The study aimed to investigate the effect of obesity therapy on leptin levels and ovarian hormonal function in women of reproductive age.

Materials and research methods

The main group included 38 women of reproductive age with a BMI of >25.6 kg/m2. The control group consisted of 20 healthy women of reproductive age. Anthropometric examination and follicle-stimulating and luteinizing hormones, estradiol, and prolactin levels were assessed on days 2–5 of the menstrual cycle, and prolactin and progesterone levels were assessed on days 20–22 of the menstrual cycle. In the presence of amenorrhea, hormonal examination was performed once using a solid-phase competitive immunochemiluminescent method on an IMMULITE 2000 apparatus, DPC (USA). Leptin level was determined using an enzyme-linked immunosorbent assay using kits manufactured by DRG (USA). Fasting insulin and glucose levels were examined to assess carbohydrate metabolism, and glucose tolerance test was performed. Pelvic ultrasound was performed using a Siemens apparatus (Japan) using abdominal and vaginal probes with a frequency of 3.5 and 7.5 MHz, respectively. Within 6 months, women followed a low-calorie diet (1200 kcal per day) in combination with increased physical activity. In addition to diet, 19 women were administered metformin 500 mg twice daily, and 19 women were administered sibutramine at 10 mg/day. After 6 months, a repeat examination was performed, which included anthropometry, determination of leptin, gonadotropin, insulin, and sex steroid hormone levels in the blood, fasting glucose test, assessment of lipid metabolism, and pelvic echography.

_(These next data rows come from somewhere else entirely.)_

lemma deviation_outcomes_subset_argmin:
  assumes impl: "mixed_nash_A_implements u F M g"
    and Fmin: "F th \<subseteq> argmin_on (u i th) (Zstar u F)"
  shows "deviation_outcomes u M g i th \<subseteq> argmin_on (u i th) (Zstar u F)"
proof
  fix z assume "z \<in> deviation_outcomes u M g i th"
  then obtain l mi where l: "l \<in> MNE u M g th" and mi: "mi \<in> M i"
    and z: "z \<in> set_pmf (induced g (l(i := return_pmf mi)))"
    unfolding deviation_outcomes_def by blast
  have eq_supp: "set_pmf (induced g l) \<subseteq> F th"
    using impl l unfolding mixed_nash_A_implements_def by blast
  obtain w where w: "w \<in> set_pmf (induced g l)"
    using set_pmf_not_empty[of "induced g l"] by blast
  have min: "u i th w \<le> u i th z'" if "z' \<in> Zstar u F" for z'
    using Fmin w eq_supp that unfolding argmin_on_def by blast
  have "mixed_profile M (l(i := return_pmf mi))"
    using l mi unfolding MNE_def by (intro mixed_profile_fun_upd) auto
  then have dev_Z: "set_pmf (induced g (l(i := return_pmf mi))) \<subseteq> Zstar u F"
    using impl by (rule set_pmf_induced_subset_Zstar[rotated])
  have "u i th z' = u i th w" if "z' \<in> set_pmf (induced g l)" for z'
  proof -
    have "z' \<in> argmin_on (u i th) (Zstar u F)" "w \<in> argmin_on (u i th) (Zstar u F)"
      using Fmin eq_supp that w by blast+
    then show ?thesis unfolding argmin_on_def by force
  qed
  then have "Uexp u i th (induced g l) \<le> u i th w"
    by (intro Uexp_le_if_support_le) simp
  moreover have "Uexp u i th (induced g (l(i := return_pmf mi))) \<le> Uexp u i th (induced g l)"
    using l mi unfolding MNE_def by auto
  ultimately have "u i th z = u i th w"
    using dev_Z min z by (intro Uexp_le_imp_support_eq) auto
  with z dev_Z min show "z \<in> argmin_on (u i th) (Zstar u F)"
    unfolding argmin_on_def by auto
qed

lemma deviation_outcomes_subset_lower_contour:
  assumes "mixed_nash_A_implements u F M g" and "F th \<subseteq> argmin_on (u i th) (Zstar u F)"
  shows "deviation_outcomes u M g i th \<subseteq> Zstar u F \<inter> LZset u i (F th) th"
  using deviation_outcomes_subset_argmin[OF assms]
    argmin_on_subset_LZset[where u = u and i = i and th = th, OF assms(2)]
    argmin_on_subset[of "u i th" "Zstar u F"]
  by blast

lemma MNE_if_Lam:
  fixes u :: "'i::finite \<Rightarrow> 'th \<Rightarrow> 'z::finite \<Rightarrow> real"
  assumes impl: "mixed_nash_A_implements u F M g"
    and t: "t \<in> Lam u F i S" and L: "mixed_profile M L"
    and dev_i: "\<And>\<mu>. set_pmf \<mu> \<subseteq> M i \<Longrightarrow> set_pmf (induced g (L(i := \<mu>))) \<subseteq> S"
  shows "L \<in> MNE u M g t"
proof -
  have S: "S \<noteq> {}" "S \<subseteq> argmax_on (u i t) S"
    and top: "\<And>j. j \<noteq> i \<Longrightarrow> S \<subseteq> argmax_on (u j t) (Zstar u F)"
    using t unfolding Lam_def is_iZ_th_max_set_def by auto
  then obtain s where s: "s \<in> S" by blast
  show ?thesis
  proof (rule MNE_if_deviations_confined[where S = S and R = "Zstar u F" and c = "u i t s"])
    show "u i t z = u i t s" if "z \<in> S" for z
      using S s that unfolding argmax_on_def by (blast intro: order.antisym)
    show "set_pmf (induced g (L(j := \<mu>))) \<subseteq> Zstar u F" if "set_pmf \<mu> \<subseteq> M j" for j \<mu>
      using impl L that by (intro set_pmf_induced_subset_Zstar mixed_profile_fun_upd)
    show "u j t z' \<le> u j t z" if "j \<noteq> i" "z \<in> S" "z' \<in> Zstar u F" for j z z'
      using top that unfolding argmax_on_def by blast
  qed (use L dev_i in blast)+
qed

lemma Lam_superset_deviation_outcomes:
  fixes u :: "'i::finite \<Rightarrow> 'th \<Rightarrow> 'z::finite \<Rightarrow> real"
  assumes impl: "mixed_nash_A_implements u F M g" and F_ne: "F th \<noteq> {}"
    and T: "deviation_outcomes u M g i th \<subseteq> S" and t: "t \<in> Lam u F i S"
  shows "t \<in> Theta_i u F i th" and "deviation_outcomes u M g i th \<subseteq> F t"
proof -
  have "l(i := return_pmf mi) \<in> MNE u M g t" if l: "l \<in> MNE u M g th" and mi: "mi \<in> M i" for l mi
  proof (rule MNE_if_Lam[OF impl t])
    show "mixed_profile M (l(i := return_pmf mi))"
      using l mi by (intro mixed_profile_fun_upd) (auto simp: MNE_def)
    show "set_pmf (induced g ((l(i := return_pmf mi))(i := \<mu>))) \<subseteq> S" if "set_pmf \<mu> \<subseteq> M i" for \<mu>
      using set_pmf_induced_deviation_subset[OF l that] T by simp
  qed
  then show T_F: "deviation_outcomes u M g i th \<subseteq> F t"
    using impl unfolding deviation_outcomes_def mixed_nash_A_implements_def by blast
  have "F th \<subseteq> S" using F_subset_deviation_outcomes[OF impl] T by blast
  then have "is_iZ_th_max_set u F i (F th) t"
    using t F_ne unfolding Lam_def by (blast intro: is_iZ_th_max_set_subset)
  then show "t \<in> Theta_i u F i th"
    using F_subset_deviation_outcomes[OF impl] T_F unfolding Theta_i_def by blast
qed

Statistical test was performed using the R and Statistica 7.0 software packages. The arithmetic mean (M), mean error (m), and Pearson and Spearman correlation coefficients were calculated. Discriminant analysis was used. The independence of categorical features was tested using Fisher exact test. The Kruskal–Wallis test was used to assess the homogeneity of several independent samples. The confidence level of probability (p-values) was compared with a significance level of 0.05, and the null hypothesis was rejected at p < 0.05. The significant differences of the two groups was determined using the Wilcoxon test, and the Student t test was used if the distribution laws within the samples corresponded to the normal distribution law according to the Shapiro–Wilk test. To study the significance of the combined effect of different factors (belonging to a group with ovulation or anovulation or the time of follow-up before and after treatment), repeated measures model of analysis of variance for repeat monitoring, which checked the significance of fixed effects, namely group, time, and interaction of group factors and time.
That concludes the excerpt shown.